SmartLinx avers that Intelycare directly competes with the company in the same market space-the nursing and long-term care industry-and provides its own scheduling software that currently has less functionality than the SmartLinx software. (Id. ¶ 44.) On March 2, 2020, as reported by Forbes, Intelycare announced the completion of their Series B funding round, totaling $45 million, with the goal to “disrupt nursing scheduling” through further development of its software solutions. (Id. ¶ 45.) SmartLinx contends Zeif was aware of Intelycare's intention to further develop software solutions in competition with those that he was intimately familiar with in his role at SmartLinx. (Id.) The referenced Forbes article reporting on Intelycare's business development stated that Intelycare's “software allows nursing facilities to instantly request staff and for clinicians to take control of their schedule, potentially picking up shifts in less than 72 hours, which gives flexibility to nurses booking shifts. An associated machine-learning algorithm also matches prices and people, and based on previous behaviour, [the cofounder of Intelycare stated] that it can predict staffing-gaps before they happen, which appears to be solving problems at scale.” (Id. ¶ 46; Ex. C.) SmartLinx asserts that its software and the Ideal Schedule feature already provide a majority of this functionality and the new program being rolled out with staffing agencies, discussed above, will further improve and optimize the nursing scheduling industry. (Id. ¶ 47.) SmartLinx avers that by hiring Zeif, Intelycare “will have” access to SmartLinx Proprietary Information, including its scheduling software source code, that will aid the development of Intelycare's competing scheduling software to “disrupt nursing scheduling” to the detriment of SmartLinx and its competitive advantage in this space. (Id. ¶ 51.)

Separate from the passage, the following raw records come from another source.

lemma is_treeD:
  assumes "is_tree T lt ht" and "x \<in> T"
  shows "\<not> lt x x" and "bij_betw ht {y\<in>T. lt y x} {\<beta>. \<beta> < ht x}"
    and "y \<in> T \<Longrightarrow> z \<in> T \<Longrightarrow> lt x y \<Longrightarrow> lt y z \<Longrightarrow> lt x z"
    and "y \<in> T \<Longrightarrow> z \<in> T \<Longrightarrow> lt y x \<Longrightarrow> lt z x \<Longrightarrow> lt y z \<longleftrightarrow> ht y < ht z"
  using assms unfolding is_tree_def by blast+

context
  fixes e :: "'a \<Rightarrow> 'b" and T :: "'a set" and lt :: "'a \<Rightarrow> 'a \<Rightarrow> bool" and ht :: "'a \<Rightarrow> 'k::wellorder"
    and T' :: "'b set" and lt' :: "'b \<Rightarrow> 'b \<Rightarrow> bool" and ht' :: "'b \<Rightarrow> 'k"
  assumes iso: "tree_iso e T lt ht T' lt' ht'"
begin

lemma tree_iso_bij: "bij_betw e T T'"
  and tree_iso_less: "x \<in> T \<Longrightarrow> y \<in> T \<Longrightarrow> lt' (e x) (e y) \<longleftrightarrow> lt x y"
  and tree_iso_height: "x \<in> T \<Longrightarrow> ht' (e x) = ht x"
  using iso by (simp_all add: tree_iso_def)

lemma tree_iso_image_eq: "T' = e ` T"
  using tree_iso_bij by (simp add: bij_betw_def)

lemma tree_iso_inv: "tree_iso (inv_into T e) T' lt' ht' T lt ht"
proof -
  have inv: "inv_into T e x' \<in> T" "e (inv_into T e x') = x'" if "x' \<in> T'" for x'
    using that tree_iso_image_eq by (auto intro: inv_into_into f_inv_into_f)
  show ?thesis
    unfolding tree_iso_def
    using bij_betw_inv_into[OF tree_iso_bij] tree_iso_less[OF inv(1) inv(1)] tree_iso_height[OF inv(1)]
    by (simp add: inv(2))
qed
lemma MAC_if_gaps:
  assumes gaps: "\<And>i a. i \<in> {1..n} \<Longrightarrow> \<exists>x\<in>multZ m. x \<le> a \<and> x \<notin> S i"
  shows "arises_as_MAC (C \<union> F)"
proof (rule MAC_of_chains)
  let ?cs = "map (\<lambda>i. (S i, W i)) [1..<Suc n]"
  have set_cs: "set ?cs = (\<lambda>i. (S i, W i)) ` {1..n}"
    by (simp del: upt_Suc add: atLeastLessThanSuc_atLeastAtMost)
  have len: "length ?cs = n" by simp
  show "slot g (length ?cs) + g < m"
    unfolding len using slot_strict_mono[OF g_pos, of n "Suc n"] slots_fit by simp
  show "is_chain c" if "c \<in> set ?cs" for c
    using that is_chain_member unfolding set_cs by blast
  show "C \<subseteq> (\<Union>c\<in>set ?cs. fst c)"
    unfolding set_cs chains_union [symmetric] by force
  show "fills (snd (?cs ! k)) \<or> (slot g k - g) mod m \<notin> used_residues g (length ?cs)"
    if "k < length ?cs" for k
  proof -
    have i: "Suc k \<in> {1..n}" using that len by simp
    have "?cs ! k = (S (Suc k), W (Suc k))" using that len by (simp del: upt_Suc)
    moreover have "fills (W (Suc k))"
      using residue_class_subset_sumset_if_gaps[OF m_pos C_bounds(1) F_finite F_class
          chain_complement[OF i] gaps[OF i]]
      by (simp add: fills_def)
    ultimately show ?thesis by simp
  qed
qed

definition upper_chain :: "int \<Rightarrow> nat \<Rightarrow> int set \<times> int set" where
  "upper_chain a i = (S i \<inter> {a<..}, W i \<union> (\<lambda>x. x - Max F) ` (multZ m - {a<..}))"

definition lower_chain :: "int \<Rightarrow> nat \<Rightarrow> int set \<times> int set" where
  "lower_chain a i = (S i \<inter> {..a}, W i \<union> (\<lambda>x. x - Min F) ` (multZ m - {..a}))"

lemma upper_chain_is_chain:
  assumes i: "i \<in> {1..n}" shows "is_chain (upper_chain a i)"
proof -
  have Max: "Max F \<in> F" using F_finite F_nonempty by simp
  have "S i \<subseteq> C" using chains_union i by blast
  moreover have "multZ m - (S i \<inter> {a<..}) = F \<oplus>\<^sub>s (W i \<union> (\<lambda>x. x - Max F) ` (multZ m - {a<..}))"
  proof (rule complement_Int_shift_closed[OF chain_complement[OF i] F_class Max])
    show "x + (f - Max F) \<notin> {a<..}" if "f \<in> F" "x \<notin> {a<..}" for f x
      using that Max_ge[OF F_finite, of f] by simp
  qed
  ultimately show ?thesis by (simp add: is_chain_def upper_chain_def le_infI1)
qed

SmartLinx alleges that in connection with his resignation from the company and anticipated employment with Intelycare, Zeif “engaged in a systematic and strategic raid of [SmartLinx's] most confidential business plans and proprietary information, in violation of the confidentiality provisions of the SmartLinx [NDA] that he signed, as well as in violation of the [Defend Trade Secrets Act], the [Computer Fraud and Abuse Act], and the [South Carolina Trade Secrets Act].” (Id. ¶ 50.) SmartLinx first learned of these alleged activities by performing an internal audit of its systems and information after Zeif advised of his intention to join Intelycare. (Id. ¶ 52.) SmartLinx avers that Zief breached the confidentiality provisions of the NDA by accessing the SmartLinx GitHub repository to download approximately 50, 000 files containing SmartLinx Proprietary Information onto his Microsoft OneDrive cloud system and local C Drive. (Id. ¶ 53.) SmartLinx uses the OneDrive cloud system as its official cloud storage for sensitive proprietary information and the C Drive at issue was on Zeif's work computer provided by SmartLinx. (See Id. Ex. J.) SmartLinx alleges that Zeif had no authorization or permission from the company to engage in this activity and none of the other SmartLinx developers engaged in the same or similar behavior. (Id. ¶ 54.) Rather, SmartLinx developers responsible for working on the SmartLinx Proprietary Information always accessed the source code through the GitHub repository without ever downloading these files to the OneDrive or local C Drive. (Id.)

After being promoted to Director of Product Management in early 2020, Zeif was no longer responsible for coding and thus had no reason to access or work on SmartLinx Proprietary Information. (Id. ¶ 55.) SmartLinx expressly instructed Zeif to discontinue working on the source code; specifically, Mr. Pirraglia (SmartLinx Vice President of Product and Defendant's direct supervisor) and Ms. Aslanyan (SmartLinx CEO) had numerous conversations with Zeif from October 2020 through and including February 2021 in which they expressly instructed him not to work on the source code to ensure accountability of the development team. (Id. ¶ 56.) Zeif responded that he understood during those conversations and confirmed that he was no longer working on the source code. (Id.)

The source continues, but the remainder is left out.